En route, de Rio à Tokyo

Benjamin Daviet, un titre minimum

Publié le 10/02/2017 dans la catégorie Interviews

Nous avons pu nous entretenir avec Benjamin Daviet quelques heures avant son départ pour Finsterau (Ger), théâtre des Championnats du Monde de Ski Nordique (Fond + Biathlon) 2017. Et le moins qu'on puisse dire, c'est que le skieur du Grand Bornand ne masque ni ses ambitions, ni ses objectifs.

ERPT : Tout d'abord, où en es-tu point de vue état de forme ?
Benjamin Daviet : Cela me paraît bien. Depuis l'Ukraine, on en a fait ni trop, ni trop peu. Les sensations sont là, j'ai pu travailler un peu ma puissance à ski. Et comme c'est très bien au niveau du tir, j'arrive en étant bien sur ces Championnats du Monde.

ERPT : Sur quelles courses es-tu engagé ?
Benjamin Daviet : Cela aurait été difficile de tout faire. J'ai donc privilégié le Biathlon et ses 3 format (Sprint, Individuelle, et Moyenne Distance) pour tenter de marquer encore de gros points points pour la lutte pour le Globe de Cristal (Ces championnats attribuent des points pour le classement général de la Coupe du Monde). Bien entendu, je ferais le relais avec une belle course en perspective et le le 10 Km (Moyenne distance) de Ski de Fond parce que c'est le dernier jour et que ça me permettrait de finir bien ces championnats.

ERPT : Quels sont tes objectifs sur la compétition ?
Benjamin Daviet : Sur mes épreuves individuelles j'attends au minimum un titre, et des médailles pour les autres courses. Ce n'est pas prétentieux du tout d'annoncer cela. Cela correspond à mon niveau depuis le début de la saison, donc à moi de capitaliser sur mon état de forme du moment. Pour le relais, on jouera l'or c'est sûr, on doit rester la meilleure nation, cela marquerait le coup. Enfin, sur le ski de fond, le 10 Km est ma distance, donc si je peux jouer devant, je ne vais pas me gêner.

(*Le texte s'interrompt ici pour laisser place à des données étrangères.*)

(* Let $(\Omega,\mathcal F,\mathbb P)$, $\mathnormal K$, $(\Omega_I,\mathcal F_I,\mathbb P_I)$, $\hat\Omega_I$, $\hat{\mathbb P}_I$ be as in the context, let $\{R_I: I\in\mathnormal K\}$ be events $R_I\in\mathcal F_I$ with $\mathbb P_I(R_I)>0$ for all $I$, and let $W$ be a random element of $\mathnormal K$. For $A\in\mathcal F$ define $A(I):=A\cap[W=I]$, $$\Phi_I(A):=\{\omega_1\in\hat\Omega_I:\ \mathbb P_I(A_{I,\omega_1})>0\}\times R_I,\qquad \Phi(A):=\bigcup_{I\in\mathnormal K}\Phi_I(A(I)),$$ $$\tilde\Phi(A):=\bigcup_{I\in\mathnormal K}\big[\{\omega_1\in\hat\Omega_I:\ A(I)_{I,\omega_1}\ne\emptyset\}\times R_I\big].$$ Then for each $A\in\mathcal F$, $\Phi(A)\in\mathcal F$ and $\Phi(A)\subseteq\tilde\Phi(A)$. Furthermore, if $\mathbb P(A)>0$ then $\mathbb P(\Phi(A))>0$.
   Context: Construction of the probability space: let $\mathbf u_1,\mathbf u_2,\dots$ be an enumeration of $\mathbb Z^2$ and $\mathbf B_k:=\mathbf u_k+[-1/2,1/2]^2$. Let $N_k$ ($k\ge1$) be i.i.d. Poisson random variables of mean $1$; $U_{k,l}$ ($l\ge1$) independent random points with $U_{k,l}$ uniform in $\mathbf B_k$; and $\tau^{m,n}_{k,l}$ (for $l\ge1$, $m\ge k$, $n\ge1$, with $n>l$ when $m=k$) i.i.d. nonnegative random variables with distribution $\mathbb F$; all these collections are independent. The Poisson process consists of the points $U_{k,1},\dots,U_{k,N_k}$, $k\ge1$, and the edge $(U_{k,l},U_{m,n})$ of the Delaunay triangulation (with $m>k$, or $m=k$ and $n>l$) receives passage time $\tau^{m,n}_{k,l}$. $(\Omega,\mathcal F,\mathbb P)$ is the product over $k$ of the probability spaces $(\Omega^k,\mathcal F^k,\mathbb P^k)$ induced by $N_k$, $(U_{k,l})_l$ and $(\tau^{m,n}_{k,l})$. $\mathnormal K$ is the collection of finite sequences $I=((k_j,l_j,m_j,n_j))_{j=1,\dots,q}\in(\mathbb N^4)^q$, $q\ge1$, with pairwise distinct entries, $k_1\le\dots\le k_q$, and for each $j$ either $k_j<m_j$ or $l_j<n_j$. For $I\in\mathnormal K$, $(\Omega_I,\mathcal F_I,\mathbb P_I)$ is the probability space induced by the random vector $(\tau^{m_j,n_j}_{k_j,l_j})_{j=1,\dots,q}$ (so $\Omega_I=\mathbb R^q$), and each $\omega\in\Omega$ is written $\omega=(\omega_1,\omega_2)$ with $\omega_2\in\Omega_I$ its $I$-coordinates and $\omega_1$ the remaining coordinates; $\hat\Omega_I:=\{\omega_1:\ \exists\,\omega_2\in\Omega_I,\ (\omega_1,\omega_2)\in\Omega\}$ with $\hat{\mathbb P}_I$ the law of $\mathbb P$ restricted to these coordinates. For $A\subseteq\Omega$ and $\omega_1\in\hat\Omega_I$, $A_{I,\omega_1}:=\{\omega_2\in\Omega_I:\ (\omega_1,\omega_2)\in A\}$. *)

theory Defs
  imports "HOL-Probability.Probability"
begin

text \<open>Index of a passage time tau^{m,n}_{k,l}: the tuple (k,l,m,n).\<close>
type_synonym tidx = "nat \<times> nat \<times> nat \<times> nat"

text \<open>Sample points: (N, U, tau) with N k = N_k, U (k,l) = U_{k,l}, tau (k,l,m,n) = tau^{m,n}_{k,l}.\<close>
type_synonym omega = "(nat \<Rightarrow> nat) \<times> ((nat \<times> nat) \<Rightarrow> real \<times> real) \<times> (tidx \<Rightarrow> real)"

definition U_index :: "(nat \<times> nat) set" where
  "U_index = {(k, l). 1 \<le> k \<and> 1 \<le> l}"

definition tau_index :: "tidx set" where
  "tau_index = {(k, l, m, n). 1 \<le> k \<and> 1 \<le> l \<and> 1 \<le> n \<and> k \<le> m \<and> (m = k \<longrightarrow> l < n)}"

definition box_B :: "(nat \<Rightarrow> int \<times> int) \<Rightarrow> nat \<Rightarrow> (real \<times> real) set" where
  "box_B u k = cbox (of_int (fst (u k)) - 1/2, of_int (snd (u k)) - 1/2)
                    (of_int (fst (u k)) + 1/2, of_int (snd (u k)) + 1/2)"

definition Omega :: "(nat \<Rightarrow> int \<times> int) \<Rightarrow> real measure \<Rightarrow> omega measure" where
  "Omega u F =
     (\<Pi>\<^sub>M k\<in>{1..}. measure_pmf (poisson_pmf 1)) \<Otimes>\<^sub>M
     ((\<Pi>\<^sub>M kl\<in>U_index. uniform_measure lborel (box_B u (fst kl))) \<Otimes>\<^sub>M
      (\<Pi>\<^sub>M c\<in>tau_index. F))"

definition Kset :: "tidx list set" where
  "Kset = {I. I \<noteq> [] \<and> distinct I \<and> set I \<subseteq> tau_index \<and> sorted (map fst I)}"

text \<open>(Omega_I, F_I, P_I): law of the random vector (tau_{I_j})_{j<q}, i.e. F^q on R^q.\<close>
definition PI :: "real measure \<Rightarrow> tidx list \<Rightarrow> (nat \<Rightarrow> real) measure" where
  "PI F I = (\<Pi>\<^sub>M j\<in>{..<length I}. F)"

definition split1 :: "tidx list \<Rightarrow> omega \<Rightarrow> omega" where
  "split1 I w = (fst w, fst (snd w), restrict (snd (snd w)) (tau_index - set I))"

definition split2 :: "tidx list \<Rightarrow> omega \<Rightarrow> (nat \<Rightarrow> real)" where
  "split2 I w = (\<lambda>j\<in>{..<length I}. snd (snd w) (I ! j))"

definition glue :: "tidx list \<Rightarrow> omega \<Rightarrow> (nat \<Rightarrow> real) \<Rightarrow> omega" where
  "glue I w1 w2 = (fst w1, fst (snd w1),
     (\<lambda>c. if c \<in> set I then w2 (THE j. j < length I \<and> I ! j = c) else snd (snd w1) c))"

definition hatOmega :: "omega measure \<Rightarrow> tidx list \<Rightarrow> omega set" where
  "hatOmega M I = split1 I ` space M"

definition sect :: "real measure \<Rightarrow> tidx list \<Rightarrow> omega set \<Rightarrow> omega \<Rightarrow> (nat \<Rightarrow> real) set" where
  "sect F I A w1 = {w2 \<in> space (PI F I). glue I w1 w2 \<in> A}"

definition PhiI :: "omega measure \<Rightarrow> real measure \<Rightarrow> (tidx list \<Rightarrow> (nat \<Rightarrow> real) set)
    \<Rightarrow> tidx list \<Rightarrow> omega set \<Rightarrow> omega set" where
  "PhiI M F R I A = (\<lambda>(w1, w2). glue I w1 w2) `
     ({w1 \<in> hatOmega M I. measure (PI F I) (sect F I A w1) > 0} \<times> R I)"

definition restrW :: "omega measure \<Rightarrow> (omega \<Rightarrow> tidx list) \<Rightarrow> omega set \<Rightarrow> tidx list \<Rightarrow> omega set" where
  "restrW M W A I = A \<inter> {w \<in> space M. W w = I}"

definition Phi :: "omega measure \<Rightarrow> real measure \<Rightarrow> (tidx list \<Rightarrow> (nat \<Rightarrow> real) set)
    \<Rightarrow> (omega \<Rightarrow> tidx list) \<Rightarrow> omega set \<Rightarrow> omega set" where
  "Phi M F R W A = (\<Union>I\<in>Kset. PhiI M F R I (restrW M W A I))"

definition Phitilde :: "omega measure \<Rightarrow> real measure \<Rightarrow> (tidx list \<Rightarrow> (nat \<Rightarrow> real) set)
    \<Rightarrow> (omega \<Rightarrow> tidx list) \<Rightarrow> omega set \<Rightarrow> omega set" where
  "Phitilde M F R W A = (\<Union>I\<in>Kset. (\<lambda>(w1, w2). glue I w1 w2) `
     ({w1 \<in> hatOmega M I. sect F I (restrW M W A I) w1 \<noteq> {}} \<times> R I))"

end

theory Submission
  imports Defs
begin

text \<open>
  Fix I in K and write a sample point as omega = (omega_1, omega_2), where omega_2 are the passage
  times indexed by I. Because P is a product measure, this splitting carries P to hatP_I (x) P_I:
  merging the infinite product over the other passage times with the product over set I gives back
  the product over all passage times, and the latter factor is P_I re-indexed along the list I.
  By Tonelli, P(B) is the hatP_I-integral of P_I(B_{I,omega_1}). Hence Phi_I(B) = S x R_I with
  S = {omega_1. P_I(B_{I,omega_1}) > 0} is an event of probability hatP_I(S) P_I(R_I), which is
  positive when P(B) > 0. As K is countable and A is the union of the A(I), some A(I) has positive
  probability if A has, and Phi(A) contains Phi_I(A(I)). Finally Phi(A) is contained in
  Phitilde(A) because a set of positive measure is non-empty.
\<close>

lemma distr_merge_PiM:
  assumes M: "\<And>i. i \<in> J \<union> K \<Longrightarrow> prob_space (M i)" and JK: "J \<inter> K = {}"
  shows "distr (Pi\<^sub>M J M \<Otimes>\<^sub>M Pi\<^sub>M K M) (Pi\<^sub>M (J \<union> K) M) (merge J K) = Pi\<^sub>M (J \<union> K) M"
    (is "distr ?P ?U _ = ?U")
proof (rule measure_eqI_PiM_infinite[symmetric, OF refl])
  interpret U: prob_space ?U using M by (intro prob_space_PiM) auto
  interpret K: prob_space "Pi\<^sub>M K M" using M by (intro prob_space_PiM) auto
  show "finite_measure ?U" by unfold_locales
  fix L A assume L: "finite L" "L \<subseteq> J \<union> K" and A: "\<And>i. i \<in> L \<Longrightarrow> A i \<in> sets (M i)"
  let ?X = "prod_emb (J \<union> K) M L (Pi\<^sub>E L A)"
  let ?XJ = "prod_emb J M (L \<inter> J) (Pi\<^sub>E (L \<inter> J) A)"
  let ?XK = "prod_emb K M (L \<inter> K) (Pi\<^sub>E (L \<inter> K) A)"
  have "merge J K -` ?X \<inter> space ?P = ?XJ \<times> ?XK"
  proof (intro set_eqI iffI)
    fix p assume "p \<in> merge J K -` ?X \<inter> space ?P"
    then show "p \<in> ?XJ \<times> ?XK"
      using JK by (cases p) (auto simp: prod_emb_def space_pair_measure space_PiM PiE_iff)
  next
    fix p assume "p \<in> ?XJ \<times> ?XK"
    then show "p \<in> merge J K -` ?X \<inter> space ?P"
      using JK L by (cases p) (auto simp: prod_emb_def space_pair_measure space_PiM PiE_iff split_merge)
  qed
  then have "distr ?P ?U (merge J K) ?X = ?P (?XJ \<times> ?XK)"
    using L A by (simp add: emeasure_distr sets_PiM_I)
  also have "\<dots> = Pi\<^sub>M J M ?XJ * Pi\<^sub>M K M ?XK"
    using L A by (intro K.emeasure_pair_measure_Times sets_PiM_I) auto
  also have "\<dots> = (\<Prod>i\<in>L \<inter> J. M i (A i)) * (\<Prod>i\<in>L \<inter> K. M i (A i))"
    using L A M by (subst (1 2) emeasure_PiM_emb) auto
  also have "\<dots> = (\<Prod>i\<in>L. M i (A i))"
    using L JK by (subst prod.union_disjoint[symmetric]) (auto intro!: prod.cong)
  also have "\<dots> = ?U ?X"
    using L A M by (intro emeasure_PiM_emb[symmetric]) auto
  finally show "?U ?X = distr ?P ?U (merge J K) ?X" ..
qed simp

ERPT : Quels seront tes adversaires ?
Benjamin Daviet : En Biathlon, avec les tirs, tout peut aller aller très vite dans un sens ou dans un autre, donc c'est difficile de répondre. Cependant, il y a un Ukrainien (Ihor Reptyukh) qui va très vite à ski, mais qui ne tire pas toujours proprement, le danger pourrait venir de là.

ERPT
 : L'absence des russes pour les raisons que l'on connaît n'est-il pas un peu perturbant ?
Benjamin Daviet : J'avoue que ça fait bizarre de ne pas les voir sur le circuit. Je me suis pris un peu la tête avec ça en début de saison. Maintenant je n'y pense plus. Sans revenir sur le fond de l'affaire, il faudrait maintenant que les noms sortent, et que la Russie puisse revenir tout en ayant revu son dispositif de lutte anti-dopage.

ERPT : Quel rôle vont jouer ces Championnats du Monde dans la perspective de PyeongChang ?
Benjamin Daviet : Si je peux être dominant, les autres vont commencer à se poser des petites questions. Le but est de leur mettre des petits coups au sens figuré, pour les pousser à la faute. On peut imaginer qu'ils puissent faire des erreurs dans leur préparation la saison prochaine pour essayer de me rattraper. De mon côté, je dois faire bien ce que je sais faire et on verra bien.

On retrouvera donc Benjamin dès Samedi pour le Moyenne Distance de Biathlon, Mardi pour l'Individuelle, Mercredi pour le relais de Fond, le Samedi suivant pour le Sprint et Dimanche pour le 10 Km de Fond.

Sur la dynamique aperçue depuis le début de la saison et surtout son grand chelem de Western Center (Ukr), Benjamin Daviet est réellement dans le coup pour chacune de ses apparitions. Nous croisons les doigts pour entendre quelques Marseillaises ici et là.